Please tally the lines below that contain the string "obtains" and reply with that figure only.

Collected data entries »
========================================================================
lemma bdeg_val_ge:
  assumes "finite P" "spanning_tree P T" "\<forall>v\<in>P. deg T v \<le> K"
    and "\<And>T. spanning_tree P T \<Longrightarrow> \<forall>v\<in>P. deg T v \<le> K \<Longrightarrow> c \<le> max_edge T"
  shows "c \<le> bdeg_val K P"
  unfolding bdeg_val_def
proof (rule Min.boundedI)
  have "finite {T. spanning_tree P T \<and> (\<forall>v\<in>P. deg T v \<le> K)}"
    using finite_spanning_trees[OF assms(1)] by (rule rev_finite_subset) auto
  then show "finite {max_edge T | T. spanning_tree P T \<and> (\<forall>v\<in>P. deg T v \<le> K)}"
    by (rule finite_image_set)
qed (use assms(2-4) in auto)

lemma ratio_le_beta:
  "finite P \<Longrightarrow> 2 \<le> card P \<Longrightarrow> ereal (bdeg_val K P / bst_val P) \<le> beta K"
  unfolding beta_def by (rule Sup_upper) blast

definition short_edges :: "real \<Rightarrow> point set \<Rightarrow> point set set" where
  "short_edges r P = {{p, q} | p q. p \<in> P \<and> q \<in> P \<and> p \<noteq> q \<and> dist p q \<le> r}"

lemma spanning_tree_within_distance:
  assumes fin: "finite P" and "0 \<le> r" and con: "graph_connected P (short_edges r P)"
  obtains T where "spanning_tree P T" "max_edge T \<le> r"
proof -
  have ep: "edges_on P (short_edges r P)"
    unfolding edges_on_def short_edges_def by blast
  obtain T where T: "T \<subseteq> short_edges r P" "spanning_tree P T"
    using connected_imp_spanning_subtree[OF fin ep con] .
  have "dist p q \<le> r" if e: "{p, q} \<in> T" for p q
  proof -
    obtain a b where "{p, q} = {a, b}" "dist a b \<le> r"
      using T(1) e unfolding short_edges_def by blast
    then show ?thesis by (auto simp: doubleton_eq_iff dist_commute)
  qed
  then have "max_edge T \<le> r"
    using T(2) max_edge_le[OF fin _ \<open>0 \<le> r\<close>] by (auto simp: spanning_tree_def)
  then show thesis using that T(2) by blast
qed

definition path_edges :: "point list \<Rightarrow> point set set" where
  "path_edges xs = {{xs ! i, xs ! Suc i} | i. Suc i < length xs}"

lemma edges_on_path_edges: "distinct xs \<Longrightarrow> edges_on (set xs) (path_edges xs)"
  unfolding edges_on_def path_edges_def by (fastforce simp: nth_eq_iff_index_eq)

lemma graph_connected_path_edges:
  assumes "xs \<noteq> []"
  shows "graph_connected (set xs) (path_edges xs)"
proof -
  have "(xs ! 0, xs ! i) \<in> (adj (path_edges xs))\<^sup>*" if "i < length xs" for i
    using that
  proof (induction i)
    case (Suc i)
    then have "(xs ! i, xs ! Suc i) \<in> adj (path_edges xs)"
      by (auto simp: adj_def path_edges_def)
    with Suc show ?case by (auto intro: rtrancl_into_rtrancl)
  qed simp
  then show ?thesis
    using assms by (intro graph_connected_from_root[of "xs ! 0"]) (auto simp: in_set_conv_nth)
qed

lemma deg_path_edges_le_2:
  assumes "distinct xs"
  shows "deg (path_edges xs) v \<le> 2"
proof (cases "v \<in> set xs")
  case True
  then obtain j where j: "j < length xs" "v = xs ! j" by (metis in_set_conv_nth)
  have "{e \<in> path_edges xs. v \<in> e} \<subseteq> {{xs ! (j - 1), xs ! j}, {xs ! j, xs ! Suc j}}"
  proof
    fix e assume "e \<in> {e \<in> path_edges xs. v \<in> e}"
    then obtain i where i: "Suc i < length xs" "e = {xs ! i, xs ! Suc i}" "v \<in> e"
      unfolding path_edges_def by blast
    then have "i = j \<or> Suc i = j" using assms j by (auto simp: nth_eq_iff_index_eq)
    then show "e \<in> {{xs ! (j - 1), xs ! j}, {xs ! j, xs ! Suc j}}" using i by auto
  qed
  then have "deg (path_edges xs) v \<le> card {{xs ! (j - 1), xs ! j}, {xs ! j, xs ! Suc j}}"
    unfolding deg_def by (rule card_mono[rotated]) simp
  also have "\<dots> \<le> 2" by (simp add: card_insert_if)
  finally show ?thesis .
next
  case False
  then have "{e \<in> path_edges xs. v \<in> e} = {}"
    by (auto simp: path_edges_def dest: nth_mem Suc_lessD)
  then show ?thesis unfolding deg_def by (metis card.empty zero_le)
qed

lemma degree_2_spanning_tree_exists:
  assumes "distinct xs" "xs \<noteq> []"
  obtains T where "spanning_tree (set xs) T" "\<forall>v\<in>set xs. deg T v \<le> 2"
proof -
  obtain T where T: "T \<subseteq> path_edges xs" "spanning_tree (set xs) T"
    using connected_imp_spanning_subtree edges_on_path_edges graph_connected_path_edges assms
    by (metis finite_set)
  have "finite (path_edges xs)"
    using finite_edges[OF finite_set edges_on_path_edges[OF assms(1)]] .
  then have "deg T v \<le> 2" for v
    using deg_mono[OF _ T(1)] deg_path_edges_le_2[OF assms(1)] order_trans by blast
  then show thesis using that T(2) by blast
qed

section \<open>The triangular lattice\<close>

definition tri :: "int \<times> int \<Rightarrow> point" where
  "tri s = vector [of_int (fst s) + of_int (snd s) / 2, of_int (snd s) * sqrt 3 / 2]"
========================================================================
RESPONSE AREA » 2